In the data below, find every line with the word "assms" and copy it.

**GIVEN ENTRIES**.
################

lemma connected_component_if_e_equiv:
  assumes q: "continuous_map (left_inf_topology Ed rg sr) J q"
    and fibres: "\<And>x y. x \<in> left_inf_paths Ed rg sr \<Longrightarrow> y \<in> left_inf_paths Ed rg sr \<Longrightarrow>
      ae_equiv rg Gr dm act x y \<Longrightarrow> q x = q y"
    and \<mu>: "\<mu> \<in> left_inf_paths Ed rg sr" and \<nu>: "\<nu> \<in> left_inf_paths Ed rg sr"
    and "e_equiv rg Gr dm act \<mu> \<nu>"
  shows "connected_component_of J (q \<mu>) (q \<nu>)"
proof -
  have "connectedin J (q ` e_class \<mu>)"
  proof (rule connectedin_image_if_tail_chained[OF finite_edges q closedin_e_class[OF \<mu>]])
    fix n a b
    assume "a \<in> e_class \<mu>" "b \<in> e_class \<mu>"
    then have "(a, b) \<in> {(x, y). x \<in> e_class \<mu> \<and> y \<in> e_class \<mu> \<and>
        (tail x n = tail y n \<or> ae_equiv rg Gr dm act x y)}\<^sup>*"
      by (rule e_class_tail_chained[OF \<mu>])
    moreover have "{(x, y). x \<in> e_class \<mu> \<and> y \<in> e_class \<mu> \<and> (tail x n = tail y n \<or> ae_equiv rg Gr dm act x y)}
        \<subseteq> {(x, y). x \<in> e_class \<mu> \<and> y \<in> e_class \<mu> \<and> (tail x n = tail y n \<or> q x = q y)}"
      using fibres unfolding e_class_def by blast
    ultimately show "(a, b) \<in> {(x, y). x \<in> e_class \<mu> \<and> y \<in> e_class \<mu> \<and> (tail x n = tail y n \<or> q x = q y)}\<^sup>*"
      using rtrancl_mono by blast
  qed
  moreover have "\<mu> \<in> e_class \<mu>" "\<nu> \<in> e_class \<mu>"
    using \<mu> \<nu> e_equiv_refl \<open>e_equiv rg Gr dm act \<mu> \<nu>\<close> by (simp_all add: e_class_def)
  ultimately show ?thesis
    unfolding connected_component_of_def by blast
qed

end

################

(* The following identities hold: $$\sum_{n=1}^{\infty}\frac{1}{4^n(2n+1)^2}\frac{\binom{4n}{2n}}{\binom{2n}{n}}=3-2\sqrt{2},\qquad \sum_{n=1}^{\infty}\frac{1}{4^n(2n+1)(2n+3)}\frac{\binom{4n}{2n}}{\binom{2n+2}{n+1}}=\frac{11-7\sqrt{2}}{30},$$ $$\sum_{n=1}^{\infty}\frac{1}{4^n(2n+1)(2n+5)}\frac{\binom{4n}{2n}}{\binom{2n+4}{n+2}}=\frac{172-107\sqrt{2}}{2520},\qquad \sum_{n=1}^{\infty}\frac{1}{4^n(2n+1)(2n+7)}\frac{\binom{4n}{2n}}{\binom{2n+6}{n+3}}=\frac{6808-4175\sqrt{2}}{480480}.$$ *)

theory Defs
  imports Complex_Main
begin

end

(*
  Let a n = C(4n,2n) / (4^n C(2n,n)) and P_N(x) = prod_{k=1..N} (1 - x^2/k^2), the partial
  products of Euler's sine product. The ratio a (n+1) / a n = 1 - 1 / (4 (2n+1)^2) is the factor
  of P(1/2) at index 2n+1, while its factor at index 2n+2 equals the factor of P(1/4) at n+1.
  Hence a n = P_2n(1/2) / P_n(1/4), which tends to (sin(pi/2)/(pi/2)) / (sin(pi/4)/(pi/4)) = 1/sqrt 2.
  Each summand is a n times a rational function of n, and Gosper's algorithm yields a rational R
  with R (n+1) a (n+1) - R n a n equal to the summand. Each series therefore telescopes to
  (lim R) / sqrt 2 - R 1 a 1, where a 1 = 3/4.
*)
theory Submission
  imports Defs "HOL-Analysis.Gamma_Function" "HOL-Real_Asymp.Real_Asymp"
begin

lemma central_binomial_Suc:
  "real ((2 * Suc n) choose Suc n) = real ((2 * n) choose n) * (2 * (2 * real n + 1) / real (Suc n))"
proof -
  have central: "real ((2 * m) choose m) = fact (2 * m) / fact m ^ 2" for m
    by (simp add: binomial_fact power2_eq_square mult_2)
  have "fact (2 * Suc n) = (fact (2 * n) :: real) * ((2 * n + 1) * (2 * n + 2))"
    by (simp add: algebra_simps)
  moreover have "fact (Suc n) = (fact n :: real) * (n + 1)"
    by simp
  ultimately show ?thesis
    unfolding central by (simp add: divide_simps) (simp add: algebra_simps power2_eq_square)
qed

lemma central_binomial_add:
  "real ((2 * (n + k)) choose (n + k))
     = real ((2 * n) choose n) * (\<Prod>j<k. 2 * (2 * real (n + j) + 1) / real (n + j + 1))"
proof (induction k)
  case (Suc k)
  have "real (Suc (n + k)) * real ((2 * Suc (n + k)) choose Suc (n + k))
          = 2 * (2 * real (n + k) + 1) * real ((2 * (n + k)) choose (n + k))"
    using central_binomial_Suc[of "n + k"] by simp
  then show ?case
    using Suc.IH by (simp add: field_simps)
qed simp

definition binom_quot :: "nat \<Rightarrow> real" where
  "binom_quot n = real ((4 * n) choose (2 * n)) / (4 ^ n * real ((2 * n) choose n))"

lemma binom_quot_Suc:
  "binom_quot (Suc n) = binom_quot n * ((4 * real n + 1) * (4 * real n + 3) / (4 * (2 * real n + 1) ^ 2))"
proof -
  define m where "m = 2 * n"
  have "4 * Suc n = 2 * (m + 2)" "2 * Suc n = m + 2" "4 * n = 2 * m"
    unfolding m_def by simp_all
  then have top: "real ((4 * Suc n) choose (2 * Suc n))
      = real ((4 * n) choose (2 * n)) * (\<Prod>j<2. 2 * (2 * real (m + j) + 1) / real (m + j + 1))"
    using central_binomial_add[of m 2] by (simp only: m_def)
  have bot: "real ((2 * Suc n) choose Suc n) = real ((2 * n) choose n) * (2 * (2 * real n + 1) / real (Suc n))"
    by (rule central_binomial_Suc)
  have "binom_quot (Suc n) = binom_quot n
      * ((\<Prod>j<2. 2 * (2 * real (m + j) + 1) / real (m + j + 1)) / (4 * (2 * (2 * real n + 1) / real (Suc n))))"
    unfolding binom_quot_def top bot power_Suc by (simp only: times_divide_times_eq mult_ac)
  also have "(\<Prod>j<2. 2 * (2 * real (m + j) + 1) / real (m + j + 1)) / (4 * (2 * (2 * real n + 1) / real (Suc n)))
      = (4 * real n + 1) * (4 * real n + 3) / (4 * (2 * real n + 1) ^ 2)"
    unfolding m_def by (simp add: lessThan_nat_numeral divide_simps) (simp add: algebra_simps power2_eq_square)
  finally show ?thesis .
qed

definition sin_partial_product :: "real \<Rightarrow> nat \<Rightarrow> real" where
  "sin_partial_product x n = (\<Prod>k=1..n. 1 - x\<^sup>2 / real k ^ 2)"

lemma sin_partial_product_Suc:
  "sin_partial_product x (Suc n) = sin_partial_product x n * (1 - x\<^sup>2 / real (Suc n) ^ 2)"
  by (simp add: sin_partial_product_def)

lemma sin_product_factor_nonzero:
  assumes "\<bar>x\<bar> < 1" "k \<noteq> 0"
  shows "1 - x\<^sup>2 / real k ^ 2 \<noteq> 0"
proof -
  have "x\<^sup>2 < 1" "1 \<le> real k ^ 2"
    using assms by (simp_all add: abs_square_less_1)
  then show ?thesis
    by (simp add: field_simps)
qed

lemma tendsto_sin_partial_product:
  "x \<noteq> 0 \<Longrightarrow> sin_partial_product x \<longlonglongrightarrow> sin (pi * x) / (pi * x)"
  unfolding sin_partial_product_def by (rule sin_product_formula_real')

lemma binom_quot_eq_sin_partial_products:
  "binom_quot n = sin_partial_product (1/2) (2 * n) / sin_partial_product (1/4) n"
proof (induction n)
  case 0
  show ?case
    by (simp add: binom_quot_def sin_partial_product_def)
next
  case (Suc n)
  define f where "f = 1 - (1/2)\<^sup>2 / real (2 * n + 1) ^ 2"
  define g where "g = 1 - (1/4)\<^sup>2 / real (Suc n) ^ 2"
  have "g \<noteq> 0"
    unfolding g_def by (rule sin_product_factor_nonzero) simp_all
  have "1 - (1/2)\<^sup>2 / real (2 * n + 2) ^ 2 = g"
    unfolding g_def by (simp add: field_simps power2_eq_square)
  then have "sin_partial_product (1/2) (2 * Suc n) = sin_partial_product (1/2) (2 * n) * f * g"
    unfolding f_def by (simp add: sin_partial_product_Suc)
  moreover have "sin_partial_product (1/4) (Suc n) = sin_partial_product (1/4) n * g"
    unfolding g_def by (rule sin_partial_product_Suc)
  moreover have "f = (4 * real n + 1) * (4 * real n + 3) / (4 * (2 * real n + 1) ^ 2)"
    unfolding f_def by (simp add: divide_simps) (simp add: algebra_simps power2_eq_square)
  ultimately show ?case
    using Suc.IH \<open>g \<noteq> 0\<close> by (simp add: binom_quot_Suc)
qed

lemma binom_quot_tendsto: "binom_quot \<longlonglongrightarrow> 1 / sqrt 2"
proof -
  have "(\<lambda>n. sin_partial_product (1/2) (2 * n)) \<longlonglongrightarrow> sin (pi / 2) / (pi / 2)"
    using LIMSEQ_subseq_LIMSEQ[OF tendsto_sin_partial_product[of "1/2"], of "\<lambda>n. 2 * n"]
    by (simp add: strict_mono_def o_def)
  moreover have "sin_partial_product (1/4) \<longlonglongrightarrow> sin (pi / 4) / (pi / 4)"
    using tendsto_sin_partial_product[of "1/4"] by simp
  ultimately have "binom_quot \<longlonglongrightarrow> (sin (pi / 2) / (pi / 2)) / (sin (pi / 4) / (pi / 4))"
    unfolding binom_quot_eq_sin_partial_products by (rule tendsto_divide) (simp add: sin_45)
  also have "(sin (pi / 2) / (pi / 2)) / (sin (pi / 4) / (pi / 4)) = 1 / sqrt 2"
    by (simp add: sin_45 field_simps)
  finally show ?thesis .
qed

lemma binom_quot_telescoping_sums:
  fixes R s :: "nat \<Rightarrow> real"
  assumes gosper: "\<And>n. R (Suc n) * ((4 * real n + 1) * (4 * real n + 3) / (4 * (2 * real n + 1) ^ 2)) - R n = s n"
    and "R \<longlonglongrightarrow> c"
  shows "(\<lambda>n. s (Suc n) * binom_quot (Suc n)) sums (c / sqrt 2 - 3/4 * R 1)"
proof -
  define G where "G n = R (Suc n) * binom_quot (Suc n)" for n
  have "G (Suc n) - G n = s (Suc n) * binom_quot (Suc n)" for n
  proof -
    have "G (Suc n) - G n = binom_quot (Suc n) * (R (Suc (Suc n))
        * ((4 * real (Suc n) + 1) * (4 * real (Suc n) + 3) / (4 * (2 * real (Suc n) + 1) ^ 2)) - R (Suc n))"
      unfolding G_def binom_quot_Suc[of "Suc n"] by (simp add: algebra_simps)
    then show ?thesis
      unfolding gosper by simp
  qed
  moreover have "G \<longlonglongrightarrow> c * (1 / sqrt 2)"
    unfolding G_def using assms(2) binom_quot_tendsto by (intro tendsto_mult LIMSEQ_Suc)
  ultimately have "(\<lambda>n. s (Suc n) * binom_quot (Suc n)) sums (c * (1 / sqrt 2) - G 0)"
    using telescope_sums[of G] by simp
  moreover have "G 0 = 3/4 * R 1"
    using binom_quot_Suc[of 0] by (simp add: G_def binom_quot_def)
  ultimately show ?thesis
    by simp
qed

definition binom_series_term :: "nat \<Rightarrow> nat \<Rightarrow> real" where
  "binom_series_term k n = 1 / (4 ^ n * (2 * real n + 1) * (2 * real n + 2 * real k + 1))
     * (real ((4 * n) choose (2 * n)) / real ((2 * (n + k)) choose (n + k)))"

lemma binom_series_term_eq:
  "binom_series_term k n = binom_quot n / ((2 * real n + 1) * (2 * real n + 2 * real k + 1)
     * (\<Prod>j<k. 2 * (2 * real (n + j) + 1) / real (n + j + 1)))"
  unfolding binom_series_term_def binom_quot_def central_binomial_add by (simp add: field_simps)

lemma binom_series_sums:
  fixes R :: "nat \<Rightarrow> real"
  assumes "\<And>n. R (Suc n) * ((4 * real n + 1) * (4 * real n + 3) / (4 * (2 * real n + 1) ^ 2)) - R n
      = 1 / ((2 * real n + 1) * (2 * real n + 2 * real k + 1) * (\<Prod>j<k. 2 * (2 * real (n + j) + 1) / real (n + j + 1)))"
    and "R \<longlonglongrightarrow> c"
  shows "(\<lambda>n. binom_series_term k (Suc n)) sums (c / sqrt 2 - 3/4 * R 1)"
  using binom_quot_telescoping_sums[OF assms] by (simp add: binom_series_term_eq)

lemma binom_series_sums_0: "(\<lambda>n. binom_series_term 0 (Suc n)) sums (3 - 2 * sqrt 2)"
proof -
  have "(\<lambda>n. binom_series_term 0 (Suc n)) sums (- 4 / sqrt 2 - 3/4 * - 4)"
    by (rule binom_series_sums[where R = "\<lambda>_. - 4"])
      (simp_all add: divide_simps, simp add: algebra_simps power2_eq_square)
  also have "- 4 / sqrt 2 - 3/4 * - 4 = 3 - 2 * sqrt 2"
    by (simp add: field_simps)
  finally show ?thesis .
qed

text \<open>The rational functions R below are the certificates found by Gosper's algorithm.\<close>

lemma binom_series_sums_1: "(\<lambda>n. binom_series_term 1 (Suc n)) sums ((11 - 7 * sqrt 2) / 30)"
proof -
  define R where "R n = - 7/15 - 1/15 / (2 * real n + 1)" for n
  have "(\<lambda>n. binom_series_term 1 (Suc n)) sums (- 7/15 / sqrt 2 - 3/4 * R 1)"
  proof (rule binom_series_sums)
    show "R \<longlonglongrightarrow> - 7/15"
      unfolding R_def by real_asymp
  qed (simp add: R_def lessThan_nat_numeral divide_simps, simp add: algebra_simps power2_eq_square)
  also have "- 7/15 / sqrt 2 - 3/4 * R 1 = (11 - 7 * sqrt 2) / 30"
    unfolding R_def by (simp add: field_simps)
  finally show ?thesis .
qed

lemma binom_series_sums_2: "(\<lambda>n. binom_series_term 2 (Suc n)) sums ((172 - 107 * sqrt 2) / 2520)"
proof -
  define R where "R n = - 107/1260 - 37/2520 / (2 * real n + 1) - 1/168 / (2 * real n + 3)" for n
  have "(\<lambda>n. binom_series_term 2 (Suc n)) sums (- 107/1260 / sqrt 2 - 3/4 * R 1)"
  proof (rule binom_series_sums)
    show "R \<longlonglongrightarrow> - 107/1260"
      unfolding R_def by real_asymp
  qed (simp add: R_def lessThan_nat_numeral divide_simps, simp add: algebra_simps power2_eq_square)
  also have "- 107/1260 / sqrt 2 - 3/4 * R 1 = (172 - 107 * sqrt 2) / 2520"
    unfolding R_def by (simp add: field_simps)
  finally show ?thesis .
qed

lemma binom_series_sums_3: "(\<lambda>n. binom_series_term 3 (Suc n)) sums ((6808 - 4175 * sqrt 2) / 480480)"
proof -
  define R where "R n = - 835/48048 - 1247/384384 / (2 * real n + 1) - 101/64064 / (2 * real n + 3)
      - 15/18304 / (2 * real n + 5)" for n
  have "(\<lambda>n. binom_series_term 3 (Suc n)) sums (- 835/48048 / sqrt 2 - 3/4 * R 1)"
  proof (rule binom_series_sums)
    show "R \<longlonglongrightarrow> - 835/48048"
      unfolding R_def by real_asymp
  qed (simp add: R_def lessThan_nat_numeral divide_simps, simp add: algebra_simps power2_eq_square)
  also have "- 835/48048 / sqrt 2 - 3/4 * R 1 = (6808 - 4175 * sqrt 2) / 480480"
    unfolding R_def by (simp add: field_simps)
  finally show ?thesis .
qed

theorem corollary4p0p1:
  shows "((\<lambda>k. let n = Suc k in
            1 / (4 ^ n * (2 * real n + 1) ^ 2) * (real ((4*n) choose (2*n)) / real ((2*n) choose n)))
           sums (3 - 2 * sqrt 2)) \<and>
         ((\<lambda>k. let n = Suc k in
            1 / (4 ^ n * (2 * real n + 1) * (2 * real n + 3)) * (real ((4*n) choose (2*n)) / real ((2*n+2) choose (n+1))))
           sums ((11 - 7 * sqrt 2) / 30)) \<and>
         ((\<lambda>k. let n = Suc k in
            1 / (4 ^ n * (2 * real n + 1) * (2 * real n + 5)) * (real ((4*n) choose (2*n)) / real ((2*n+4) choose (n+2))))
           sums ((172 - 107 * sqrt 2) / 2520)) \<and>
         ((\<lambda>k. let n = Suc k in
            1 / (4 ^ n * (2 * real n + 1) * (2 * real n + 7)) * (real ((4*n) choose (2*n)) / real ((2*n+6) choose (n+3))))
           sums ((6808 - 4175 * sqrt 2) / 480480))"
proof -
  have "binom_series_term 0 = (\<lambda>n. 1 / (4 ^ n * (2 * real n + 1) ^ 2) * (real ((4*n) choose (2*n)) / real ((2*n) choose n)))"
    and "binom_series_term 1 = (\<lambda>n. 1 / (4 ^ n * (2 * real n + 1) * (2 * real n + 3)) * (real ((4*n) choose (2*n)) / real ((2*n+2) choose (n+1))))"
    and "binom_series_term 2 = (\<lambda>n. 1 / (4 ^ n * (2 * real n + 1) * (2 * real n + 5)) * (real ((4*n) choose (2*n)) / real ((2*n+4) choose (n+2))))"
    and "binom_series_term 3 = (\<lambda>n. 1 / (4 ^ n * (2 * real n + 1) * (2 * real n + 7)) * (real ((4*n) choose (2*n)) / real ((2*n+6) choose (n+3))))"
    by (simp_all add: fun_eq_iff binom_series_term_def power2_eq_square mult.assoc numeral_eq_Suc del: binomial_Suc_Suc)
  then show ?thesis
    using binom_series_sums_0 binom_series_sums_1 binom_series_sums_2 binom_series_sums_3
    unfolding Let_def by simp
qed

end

################

**RESULT**.
    using assms by (simp_all add: abs_square_less_1)
    unfolding G_def using assms(2) binom_quot_tendsto by (intro tendsto_mult LIMSEQ_Suc)
  using binom_quot_telescoping_sums[OF assms] by (simp add: binom_series_term_eq)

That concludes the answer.